● **How to complete this task**
Print the line that contains "M \<Longrightarrow> T 0" and every line that follows it in the data below, ending with the final line; include nothing else.

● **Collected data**
lemma V2_pair_partition:
  assumes "finite N" "v \<in> V2 N mn mx"
  shows "pair_partition N (opt_partition N v) v"
proof
  have "0 < mn" and bm: "bounded_monotone N mn mx v" using assms(2) unfolding V2_def by auto
  show "v {} = 0" using bm unfolding bounded_monotone_def by blast
  show "0 < v {x}" if "x \<in> N" for x
  proof -
    have "mn \<le> v {x}" using bm that unfolding bounded_monotone_def by blast
    then show ?thesis using \<open>0 < mn\<close> by linarith
  qed
  show "card B \<le> 2" if "B \<in> opt_partition N v" for B
    using V2_opt_partition_card_le_2[OF assms that] .
  show "(\<Sum>x\<in>B. v {x}) \<le> v B" if "B \<in> opt_partition N v" for B
    using opt_partition_block_superadditive[OF assms(1) that] .
qed (use assms(1) opt_partition(1) in auto)

theorem theorem3:
  fixes N :: "'a set" and mn mx :: real
  assumes "finite N" and "0 < mn" and "2 * mn \<le> mx" and "mx < 3 * mn"
  shows "\<exists>\<phi> :: 'a policy.
           non_wasteful N (V2 N mn mx) \<phi> \<and> irrevocable N (V2 N mn mx) \<phi> \<and>
           (\<forall>v\<in>V2 N mn mx. \<forall>\<pi> C. arrival_order N \<pi> \<and> greedy_outcome \<phi> v \<pi> C
              \<longrightarrow> SW v C = opt_SW N v)"
proof (intro exI conjI ballI allI impI)
  let ?\<phi> = "\<lambda>v. pair_policy (opt_partition N v) v"
  have V2_bounded_monotone: "bounded_monotone N mn mx v" if "v \<in> V2 N mn mx" for v
    using that unfolding V2_def by blast
  then show "non_wasteful N (V2 N mn mx) ?\<phi>"
    by (intro non_wasteful_pair_policy) (simp add: bounded_monotone_def)
  show "irrevocable N (V2 N mn mx) ?\<phi>"
    using V2_bounded_monotone by (rule irrevocable_pair_policy)
  fix v \<pi> C
  assume "v \<in> V2 N mn mx" "arrival_order N \<pi> \<and> greedy_outcome ?\<phi> v \<pi> C"
  then have "SW v C = SW v (opt_partition N v)"
    using pair_partition.greedy_outcome_SW[OF V2_pair_partition[OF assms(1)], of v mn mx ?\<phi> \<pi> C]
    by simp
  then show "SW v C = opt_SW N v" using opt_partition(2)[OF assms(1)] by simp
qed
theorem representer_exists:
  obtains h where "h \<in> V" "hnorm ip h \<le> C" "\<And>g l. (g, l) \<in> R \<Longrightarrow> ip h g = l"
proof (cases "functional_norm = 0")
  case True
  have "ip (\<lambda>x. 0) g = l" if gl: "(g, l) \<in> R" for g l
    using graph_le_functional_norm[OF gl] graph_le_functional_norm[OF graph_scale[OF gl, of "-1"]]
      True ip_zero_left[OF graph_in_V[OF gl]] by simp
  then show thesis
    using that[of "\<lambda>x. 0"] zero_in_V bound_nonneg by (simp add: hnorm_def ip_zero_left)
next
  case False
  then have pos: "0 < functional_norm" using functional_norm_nonneg by simp
  obtain G L where seq: "\<And>n. (G n, L n) \<in> R" "\<And>n. hnorm ip (G n) \<le> 1" "L \<longlonglongrightarrow> functional_norm"
    using maximizing_sequence_exists by blast
  obtain h where h: "h \<in> V" "hnorm ip h \<le> 1" "(\<lambda>n. hnorm ip (\<lambda>x. G n x - h x)) \<longlonglongrightarrow> 0"
    using maximizing_sequence_limit[OF seq pos] .
  show thesis
  proof (rule that[of "\<lambda>x. functional_norm * h x"])
    show "(\<lambda>x. functional_norm * h x) \<in> V" using scale_in_V[OF h(1)] .
    have "functional_norm * hnorm ip h \<le> functional_norm"
      using h(2) functional_norm_nonneg by (rule mult_left_le)
    moreover have "hnorm ip (\<lambda>x. functional_norm * h x) = functional_norm * hnorm ip h"
      using hnorm_scale[OF h(1)] pos by simp
    ultimately show "hnorm ip (\<lambda>x. functional_norm * h x) \<le> C"
      using functional_norm_le by linarith
    show "ip (\<lambda>x. functional_norm * h x) g = l" if "(g, l) \<in> R" for g l
      using graph_eq_functional_norm_ip[OF seq pos h that] ip_scale_left[OF h(1) graph_in_V[OF that]]
      by simp
  qed
qed

end

(* The linear extension of k_y |-> f y to the span of the kernel sections, taken as a relation
   so that no well-definedness argument is needed. *)
inductive_set kernel_graph ::
    "'a set \<Rightarrow> ('a \<Rightarrow> 'a \<Rightarrow> real) \<Rightarrow> ('a \<Rightarrow> real) \<Rightarrow> (('a \<Rightarrow> real) \<times> real) set"
  for X k f
where
  zero: "((\<lambda>x. 0), 0) \<in> kernel_graph X k f"
| kernel: "y \<in> X \<Longrightarrow> (ext0 X (\<lambda>x. k x y), f y) \<in> kernel_graph X k f"
| add: "(g1, l1) \<in> kernel_graph X k f \<Longrightarrow> (g2, l2) \<in> kernel_graph X k f \<Longrightarrow>
    ((\<lambda>x. g1 x + g2 x), l1 + l2) \<in> kernel_graph X k f"
| scale: "(g, l) \<in> kernel_graph X k f \<Longrightarrow> ((\<lambda>x. c * g x), c * l) \<in> kernel_graph X k f"

locale invariant_kernel_action =
  fixes M :: "'a measure" and V :: "('a \<Rightarrow> real) set"
    and ip :: "('a \<Rightarrow> real) \<Rightarrow> ('a \<Rightarrow> real) \<Rightarrow> real" and k :: "'a \<Rightarrow> 'a \<Rightarrow> real"
    and \<mu> :: "'g::topological_group_add measure" and T :: "'g \<Rightarrow> 'a \<Rightarrow> 'a"
  assumes rkhs: "rkhs (space M) V ip k"
    and prob_space: "prob_space \<mu>"
    and sets_eq_borel: "sets \<mu> = sets borel"
    and action: "measurable_action M T"
    and bounded_measurable: "f \<in> V \<Longrightarrow> f \<in> borel_measurable M \<and> (\<exists>B. \<forall>x\<in>space M. \<bar>f x\<bar> \<le> B)"
    and kernel_invariant: "x \<in> space M \<Longrightarrow> y \<in> space M \<Longrightarrow> k (T \<sigma> x) (T \<sigma> y) = k x y"
begin

sublocale function_hilbert_space V ip
  using rkhs by (rule rkhs_imp_function_hilbert_space)

definition kernel_section :: "'a \<Rightarrow> 'a \<Rightarrow> real" where
  "kernel_section y = ext0 (space M) (\<lambda>x. k x y)"

definition translate :: "'g \<Rightarrow> ('a \<Rightarrow> real) \<Rightarrow> 'a \<Rightarrow> real" where
  "translate \<sigma> g = ext0 (space M) (\<lambda>x. g (T (- \<sigma>) x))"

abbreviation graph :: "('a \<Rightarrow> real) \<Rightarrow> (('a \<Rightarrow> real) \<times> real) set" where
  "graph f \<equiv> kernel_graph (space M) k f"

lemma ext0_in_V: "f \<in> V \<Longrightarrow> ext0 (space M) f = f"
  using rkhs unfolding rkhs_def by blast

lemma kernel_section_in_V: "y \<in> space M \<Longrightarrow> kernel_section y \<in> V"
  using rkhs unfolding rkhs_def kernel_section_def by blast

lemma ip_kernel_section: "f \<in> V \<Longrightarrow> y \<in> space M \<Longrightarrow> ip f (kernel_section y) = f y"
  using rkhs unfolding rkhs_def kernel_section_def by blast

lemma action_measurable: "(\<lambda>(s, x). T s x) \<in> measurable (borel \<Otimes>\<^sub>M M) M"
  and action_zero: "x \<in> space M \<Longrightarrow> T 0 x = x"
  and action_add: "x \<in> space M \<Longrightarrow> T (s + t) x = T s (T t x)"
  using action unfolding measurable_action_def by blast+

lemma action_in_space: "x \<in> space M \<Longrightarrow> T \<sigma> x \<in> space M"
  using measurable_space[OF action_measurable, of "(\<sigma>, x)"] by (simp add: space_pair_measure)

lemma action_neg_cancel:
  assumes "x \<in> space M"
  shows "T \<sigma> (T (- \<sigma>) x) = x" "T (- \<sigma>) (T \<sigma> x) = x"
  using action_add[OF assms, of \<sigma> "- \<sigma>"] action_add[OF assms, of "- \<sigma>" \<sigma>] action_zero[OF assms]
  by simp_all

lemma measurable_orbit:
  assumes "y \<in> space M"
  shows "(\<lambda>\<sigma>. T \<sigma> y) \<in> measurable \<mu> M"
proof -
  have "(\<lambda>\<sigma>. (\<sigma>, y)) \<in> measurable borel (borel \<Otimes>\<^sub>M M)"
    using assms by simp
  from measurable_compose[OF this action_measurable]
  show ?thesis
    by (simp add: measurable_cong_sets[OF sets_eq_borel refl])
qed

● **Exercise answer**
  and action_zero: "x \<in> space M \<Longrightarrow> T 0 x = x"
  and action_add: "x \<in> space M \<Longrightarrow> T (s + t) x = T s (T t x)"
  using action unfolding measurable_action_def by blast+

lemma action_in_space: "x \<in> space M \<Longrightarrow> T \<sigma> x \<in> space M"
  using measurable_space[OF action_measurable, of "(\<sigma>, x)"] by (simp add: space_pair_measure)

lemma action_neg_cancel:
  assumes "x \<in> space M"
  shows "T \<sigma> (T (- \<sigma>) x) = x" "T (- \<sigma>) (T \<sigma> x) = x"
  using action_add[OF assms, of \<sigma> "- \<sigma>"] action_add[OF assms, of "- \<sigma>" \<sigma>] action_zero[OF assms]
  by simp_all

lemma measurable_orbit:
  assumes "y \<in> space M"
  shows "(\<lambda>\<sigma>. T \<sigma> y) \<in> measurable \<mu> M"
proof -
  have "(\<lambda>\<sigma>. (\<sigma>, y)) \<in> measurable borel (borel \<Otimes>\<^sub>M M)"
    using assms by simp
  from measurable_compose[OF this action_measurable]
  show ?thesis
    by (simp add: measurable_cong_sets[OF sets_eq_borel refl])
qed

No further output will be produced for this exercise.